> _WORK INSTRUCTION_
Each line below must be set down exactly as it stands.
##### DATA IN THIS EXERCISE
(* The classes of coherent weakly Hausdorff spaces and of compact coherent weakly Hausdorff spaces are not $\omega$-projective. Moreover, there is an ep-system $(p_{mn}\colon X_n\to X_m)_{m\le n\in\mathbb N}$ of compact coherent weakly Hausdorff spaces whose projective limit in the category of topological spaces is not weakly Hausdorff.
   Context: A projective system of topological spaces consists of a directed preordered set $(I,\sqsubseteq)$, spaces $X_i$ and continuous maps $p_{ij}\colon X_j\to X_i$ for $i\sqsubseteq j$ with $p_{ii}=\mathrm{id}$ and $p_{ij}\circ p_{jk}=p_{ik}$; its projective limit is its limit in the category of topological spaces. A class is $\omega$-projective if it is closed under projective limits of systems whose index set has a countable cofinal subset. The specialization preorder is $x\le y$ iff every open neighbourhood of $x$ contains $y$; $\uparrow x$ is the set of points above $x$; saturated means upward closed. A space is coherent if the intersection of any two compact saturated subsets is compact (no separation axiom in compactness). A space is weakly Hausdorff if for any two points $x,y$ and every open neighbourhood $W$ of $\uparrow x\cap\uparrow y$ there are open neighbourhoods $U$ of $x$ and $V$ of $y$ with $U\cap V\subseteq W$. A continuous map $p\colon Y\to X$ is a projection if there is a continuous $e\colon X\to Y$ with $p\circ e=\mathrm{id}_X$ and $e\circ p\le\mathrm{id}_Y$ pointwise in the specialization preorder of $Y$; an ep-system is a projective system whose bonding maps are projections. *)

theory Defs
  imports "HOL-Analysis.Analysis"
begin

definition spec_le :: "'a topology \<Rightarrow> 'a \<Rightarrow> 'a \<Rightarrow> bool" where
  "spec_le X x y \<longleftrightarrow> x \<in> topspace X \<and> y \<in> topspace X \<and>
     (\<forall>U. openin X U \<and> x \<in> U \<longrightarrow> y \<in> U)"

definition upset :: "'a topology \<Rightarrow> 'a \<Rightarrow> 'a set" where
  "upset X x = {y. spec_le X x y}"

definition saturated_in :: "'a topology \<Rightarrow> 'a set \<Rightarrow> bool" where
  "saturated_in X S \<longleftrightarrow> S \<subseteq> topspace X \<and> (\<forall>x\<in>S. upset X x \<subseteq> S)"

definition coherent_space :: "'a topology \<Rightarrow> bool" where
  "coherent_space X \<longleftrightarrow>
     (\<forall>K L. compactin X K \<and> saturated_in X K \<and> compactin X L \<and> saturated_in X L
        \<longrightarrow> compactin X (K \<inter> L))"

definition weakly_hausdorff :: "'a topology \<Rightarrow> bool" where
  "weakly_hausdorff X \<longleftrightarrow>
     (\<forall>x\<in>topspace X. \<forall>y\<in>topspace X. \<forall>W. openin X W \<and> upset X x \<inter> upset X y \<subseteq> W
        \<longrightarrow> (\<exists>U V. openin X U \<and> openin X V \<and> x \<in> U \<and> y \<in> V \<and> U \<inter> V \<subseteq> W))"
##########
> _COMPLETED EXERCISE_
(* The classes of coherent weakly Hausdorff spaces and of compact coherent weakly Hausdorff spaces are not $\omega$-projective. Moreover, there is an ep-system $(p_{mn}\colon X_n\to X_m)_{m\le n\in\mathbb N}$ of compact coherent weakly Hausdorff spaces whose projective limit in the category of topological spaces is not weakly Hausdorff.
   Context: A projective system of topological spaces consists of a directed preordered set $(I,\sqsubseteq)$, spaces $X_i$ and continuous maps $p_{ij}\colon X_j\to X_i$ for $i\sqsubseteq j$ with $p_{ii}=\mathrm{id}$ and $p_{ij}\circ p_{jk}=p_{ik}$; its projective limit is its limit in the category of topological spaces. A class is $\omega$-projective if it is closed under projective limits of systems whose index set has a countable cofinal subset. The specialization preorder is $x\le y$ iff every open neighbourhood of $x$ contains $y$; $\uparrow x$ is the set of points above $x$; saturated means upward closed. A space is coherent if the intersection of any two compact saturated subsets is compact (no separation axiom in compactness). A space is weakly Hausdorff if for any two points $x,y$ and every open neighbourhood $W$ of $\uparrow x\cap\uparrow y$ there are open neighbourhoods $U$ of $x$ and $V$ of $y$ with $U\cap V\subseteq W$. A continuous map $p\colon Y\to X$ is a projection if there is a continuous $e\colon X\to Y$ with $p\circ e=\mathrm{id}_X$ and $e\circ p\le\mathrm{id}_Y$ pointwise in the specialization preorder of $Y$; an ep-system is a projective system whose bonding maps are projections. *)

theory Defs
  imports "HOL-Analysis.Analysis"
begin

definition spec_le :: "'a topology \<Rightarrow> 'a \<Rightarrow> 'a \<Rightarrow> bool" where
  "spec_le X x y \<longleftrightarrow> x \<in> topspace X \<and> y \<in> topspace X \<and>
     (\<forall>U. openin X U \<and> x \<in> U \<longrightarrow> y \<in> U)"

definition upset :: "'a topology \<Rightarrow> 'a \<Rightarrow> 'a set" where
  "upset X x = {y. spec_le X x y}"

definition saturated_in :: "'a topology \<Rightarrow> 'a set \<Rightarrow> bool" where
  "saturated_in X S \<longleftrightarrow> S \<subseteq> topspace X \<and> (\<forall>x\<in>S. upset X x \<subseteq> S)"

definition coherent_space :: "'a topology \<Rightarrow> bool" where
  "coherent_space X \<longleftrightarrow>
     (\<forall>K L. compactin X K \<and> saturated_in X K \<and> compactin X L \<and> saturated_in X L
        \<longrightarrow> compactin X (K \<inter> L))"

definition weakly_hausdorff :: "'a topology \<Rightarrow> bool" where
  "weakly_hausdorff X \<longleftrightarrow>
     (\<forall>x\<in>topspace X. \<forall>y\<in>topspace X. \<forall>W. openin X W \<and> upset X x \<inter> upset X y \<subseteq> W
        \<longrightarrow> (\<exists>U V. openin X U \<and> openin X V \<and> x \<in> U \<and> y \<in> V \<and> U \<inter> V \<subseteq> W))"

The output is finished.